§ **What to produce**
Set down exactly the lines below, starting at the one that contains "text \<open>The topology" and ending at the one that contains "continuous_map T T", with both of those lines included and nothing else.
*** Data ***
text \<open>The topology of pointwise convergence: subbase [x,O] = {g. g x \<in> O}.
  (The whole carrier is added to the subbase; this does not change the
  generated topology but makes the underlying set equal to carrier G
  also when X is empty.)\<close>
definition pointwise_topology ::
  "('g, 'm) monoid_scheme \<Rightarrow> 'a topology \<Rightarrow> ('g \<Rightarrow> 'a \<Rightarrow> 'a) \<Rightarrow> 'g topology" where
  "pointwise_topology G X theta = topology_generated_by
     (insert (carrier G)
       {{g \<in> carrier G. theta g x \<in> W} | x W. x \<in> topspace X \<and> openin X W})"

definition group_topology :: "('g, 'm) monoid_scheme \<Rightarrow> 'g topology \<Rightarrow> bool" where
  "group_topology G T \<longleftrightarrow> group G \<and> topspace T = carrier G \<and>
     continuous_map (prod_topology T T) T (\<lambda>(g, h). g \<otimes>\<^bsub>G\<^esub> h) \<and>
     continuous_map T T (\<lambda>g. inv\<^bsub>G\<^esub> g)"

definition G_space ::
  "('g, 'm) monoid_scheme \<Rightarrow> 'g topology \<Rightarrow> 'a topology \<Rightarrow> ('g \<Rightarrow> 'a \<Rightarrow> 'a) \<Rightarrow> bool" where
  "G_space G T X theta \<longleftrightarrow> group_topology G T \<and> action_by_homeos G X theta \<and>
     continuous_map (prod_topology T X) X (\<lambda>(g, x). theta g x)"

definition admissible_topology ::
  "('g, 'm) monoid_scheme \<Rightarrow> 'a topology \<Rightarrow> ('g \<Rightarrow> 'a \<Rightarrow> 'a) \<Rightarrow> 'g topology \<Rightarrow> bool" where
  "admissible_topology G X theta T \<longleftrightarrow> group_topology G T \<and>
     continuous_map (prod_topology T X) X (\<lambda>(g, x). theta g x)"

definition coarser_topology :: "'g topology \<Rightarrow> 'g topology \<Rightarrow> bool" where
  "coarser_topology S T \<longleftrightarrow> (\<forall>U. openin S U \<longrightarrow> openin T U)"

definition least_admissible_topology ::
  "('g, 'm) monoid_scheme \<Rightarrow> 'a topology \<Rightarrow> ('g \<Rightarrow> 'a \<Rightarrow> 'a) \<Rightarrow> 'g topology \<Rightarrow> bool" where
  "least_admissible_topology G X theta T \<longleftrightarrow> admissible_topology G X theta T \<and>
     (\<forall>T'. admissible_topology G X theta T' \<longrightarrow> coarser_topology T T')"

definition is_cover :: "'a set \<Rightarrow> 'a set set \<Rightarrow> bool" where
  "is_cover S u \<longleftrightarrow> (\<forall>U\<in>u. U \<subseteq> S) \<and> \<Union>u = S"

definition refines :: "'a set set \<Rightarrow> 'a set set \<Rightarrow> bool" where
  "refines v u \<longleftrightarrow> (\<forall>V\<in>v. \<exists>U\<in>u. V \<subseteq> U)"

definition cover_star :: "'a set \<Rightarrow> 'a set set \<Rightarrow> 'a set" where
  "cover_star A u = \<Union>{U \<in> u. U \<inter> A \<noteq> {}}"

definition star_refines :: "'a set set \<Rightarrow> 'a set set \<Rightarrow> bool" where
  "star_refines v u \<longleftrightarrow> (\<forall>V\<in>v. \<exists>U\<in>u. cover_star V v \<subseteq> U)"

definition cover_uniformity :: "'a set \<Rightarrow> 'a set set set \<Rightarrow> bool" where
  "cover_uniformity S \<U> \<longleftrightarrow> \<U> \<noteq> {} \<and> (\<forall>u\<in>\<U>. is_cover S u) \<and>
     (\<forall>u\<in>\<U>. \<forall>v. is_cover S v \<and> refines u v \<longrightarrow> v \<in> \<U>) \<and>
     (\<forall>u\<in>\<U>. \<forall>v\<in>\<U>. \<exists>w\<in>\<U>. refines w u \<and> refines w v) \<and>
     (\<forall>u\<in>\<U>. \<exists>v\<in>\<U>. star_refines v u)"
***
*** Data ***
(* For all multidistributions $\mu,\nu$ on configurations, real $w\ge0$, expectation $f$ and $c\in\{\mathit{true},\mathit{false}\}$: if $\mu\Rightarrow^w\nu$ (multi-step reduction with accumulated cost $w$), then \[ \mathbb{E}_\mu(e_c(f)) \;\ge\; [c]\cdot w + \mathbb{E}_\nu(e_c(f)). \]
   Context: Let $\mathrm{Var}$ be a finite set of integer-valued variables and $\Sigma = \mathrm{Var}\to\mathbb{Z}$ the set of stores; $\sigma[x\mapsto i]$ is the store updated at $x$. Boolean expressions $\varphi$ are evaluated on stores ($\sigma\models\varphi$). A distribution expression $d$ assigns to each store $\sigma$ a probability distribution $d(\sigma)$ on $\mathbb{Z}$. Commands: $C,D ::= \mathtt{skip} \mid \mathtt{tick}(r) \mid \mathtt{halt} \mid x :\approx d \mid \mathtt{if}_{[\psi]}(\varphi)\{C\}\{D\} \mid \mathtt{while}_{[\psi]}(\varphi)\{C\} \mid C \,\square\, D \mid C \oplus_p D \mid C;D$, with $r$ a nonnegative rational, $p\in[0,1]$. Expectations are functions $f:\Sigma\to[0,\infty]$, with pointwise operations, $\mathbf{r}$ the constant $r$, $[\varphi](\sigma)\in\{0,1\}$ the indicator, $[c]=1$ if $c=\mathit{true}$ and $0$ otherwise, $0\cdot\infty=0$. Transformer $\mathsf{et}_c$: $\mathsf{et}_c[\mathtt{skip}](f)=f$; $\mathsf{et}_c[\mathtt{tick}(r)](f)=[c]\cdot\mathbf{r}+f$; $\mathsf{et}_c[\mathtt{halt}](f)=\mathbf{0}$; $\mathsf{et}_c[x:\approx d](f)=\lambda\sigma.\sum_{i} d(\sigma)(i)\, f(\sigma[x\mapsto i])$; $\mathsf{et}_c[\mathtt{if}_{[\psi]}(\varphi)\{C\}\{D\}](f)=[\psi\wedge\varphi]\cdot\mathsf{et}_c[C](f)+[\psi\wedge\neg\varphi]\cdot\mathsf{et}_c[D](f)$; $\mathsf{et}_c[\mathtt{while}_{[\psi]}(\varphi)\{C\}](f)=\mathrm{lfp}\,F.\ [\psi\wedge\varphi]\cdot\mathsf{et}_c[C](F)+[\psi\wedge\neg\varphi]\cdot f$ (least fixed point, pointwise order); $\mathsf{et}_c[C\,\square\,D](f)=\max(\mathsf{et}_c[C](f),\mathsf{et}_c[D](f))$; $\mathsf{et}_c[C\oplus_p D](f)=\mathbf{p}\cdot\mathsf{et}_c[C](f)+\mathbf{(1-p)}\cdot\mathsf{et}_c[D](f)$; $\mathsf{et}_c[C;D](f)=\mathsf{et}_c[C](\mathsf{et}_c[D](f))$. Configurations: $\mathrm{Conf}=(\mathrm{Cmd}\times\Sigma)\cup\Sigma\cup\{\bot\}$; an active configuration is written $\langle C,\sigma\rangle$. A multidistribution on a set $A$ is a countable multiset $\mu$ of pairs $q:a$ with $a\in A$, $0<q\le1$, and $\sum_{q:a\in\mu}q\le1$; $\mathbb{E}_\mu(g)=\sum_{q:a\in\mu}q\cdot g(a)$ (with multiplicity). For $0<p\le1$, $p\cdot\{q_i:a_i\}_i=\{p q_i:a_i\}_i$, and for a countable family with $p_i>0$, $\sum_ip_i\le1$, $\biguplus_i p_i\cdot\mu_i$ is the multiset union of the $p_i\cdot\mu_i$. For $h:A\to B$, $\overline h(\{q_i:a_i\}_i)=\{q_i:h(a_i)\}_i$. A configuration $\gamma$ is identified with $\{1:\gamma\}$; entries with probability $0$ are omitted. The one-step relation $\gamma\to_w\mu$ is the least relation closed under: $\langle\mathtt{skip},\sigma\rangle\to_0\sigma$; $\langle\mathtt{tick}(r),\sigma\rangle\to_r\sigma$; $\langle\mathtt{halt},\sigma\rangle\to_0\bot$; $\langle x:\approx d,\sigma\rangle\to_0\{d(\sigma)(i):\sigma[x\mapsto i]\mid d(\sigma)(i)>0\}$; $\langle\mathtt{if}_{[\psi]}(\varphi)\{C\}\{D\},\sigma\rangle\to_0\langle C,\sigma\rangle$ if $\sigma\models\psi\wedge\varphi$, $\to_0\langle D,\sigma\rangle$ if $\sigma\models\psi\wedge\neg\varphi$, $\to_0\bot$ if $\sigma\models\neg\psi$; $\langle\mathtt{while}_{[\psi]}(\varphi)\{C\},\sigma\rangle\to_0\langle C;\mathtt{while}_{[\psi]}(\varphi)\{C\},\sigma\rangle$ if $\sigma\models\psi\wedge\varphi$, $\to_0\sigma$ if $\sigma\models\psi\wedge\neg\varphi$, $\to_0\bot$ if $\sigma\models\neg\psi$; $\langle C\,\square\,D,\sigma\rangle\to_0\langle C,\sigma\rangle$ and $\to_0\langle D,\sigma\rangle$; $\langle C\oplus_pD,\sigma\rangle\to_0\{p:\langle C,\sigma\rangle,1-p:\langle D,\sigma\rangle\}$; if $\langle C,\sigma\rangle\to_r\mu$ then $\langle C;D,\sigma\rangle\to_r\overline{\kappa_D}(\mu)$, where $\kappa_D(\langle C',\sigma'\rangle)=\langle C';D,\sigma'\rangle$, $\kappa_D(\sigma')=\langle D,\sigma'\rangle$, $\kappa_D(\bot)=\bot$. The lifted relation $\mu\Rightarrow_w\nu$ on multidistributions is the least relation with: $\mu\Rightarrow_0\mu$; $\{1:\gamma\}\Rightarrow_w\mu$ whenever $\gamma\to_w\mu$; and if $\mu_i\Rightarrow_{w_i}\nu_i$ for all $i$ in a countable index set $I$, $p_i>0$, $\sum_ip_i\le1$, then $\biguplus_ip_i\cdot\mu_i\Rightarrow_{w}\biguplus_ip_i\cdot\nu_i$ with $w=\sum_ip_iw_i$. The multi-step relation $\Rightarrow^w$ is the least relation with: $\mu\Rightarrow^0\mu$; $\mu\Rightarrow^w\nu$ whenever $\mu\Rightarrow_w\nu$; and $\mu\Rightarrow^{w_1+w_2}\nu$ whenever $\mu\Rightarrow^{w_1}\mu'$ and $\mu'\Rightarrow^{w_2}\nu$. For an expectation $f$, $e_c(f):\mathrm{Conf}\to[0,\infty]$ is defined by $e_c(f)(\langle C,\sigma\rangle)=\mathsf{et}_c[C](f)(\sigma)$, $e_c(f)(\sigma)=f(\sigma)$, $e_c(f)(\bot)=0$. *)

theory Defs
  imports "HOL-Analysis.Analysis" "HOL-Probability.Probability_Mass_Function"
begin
***
§ **Exercise solution**
text \<open>The topology of pointwise convergence: subbase [x,O] = {g. g x \<in> O}.
  (The whole carrier is added to the subbase; this does not change the
  generated topology but makes the underlying set equal to carrier G
  also when X is empty.)\<close>
definition pointwise_topology ::
  "('g, 'm) monoid_scheme \<Rightarrow> 'a topology \<Rightarrow> ('g \<Rightarrow> 'a \<Rightarrow> 'a) \<Rightarrow> 'g topology" where
  "pointwise_topology G X theta = topology_generated_by
     (insert (carrier G)
       {{g \<in> carrier G. theta g x \<in> W} | x W. x \<in> topspace X \<and> openin X W})"

definition group_topology :: "('g, 'm) monoid_scheme \<Rightarrow> 'g topology \<Rightarrow> bool" where
  "group_topology G T \<longleftrightarrow> group G \<and> topspace T = carrier G \<and>
     continuous_map (prod_topology T T) T (\<lambda>(g, h). g \<otimes>\<^bsub>G\<^esub> h) \<and>
     continuous_map T T (\<lambda>g. inv\<^bsub>G\<^esub> g)"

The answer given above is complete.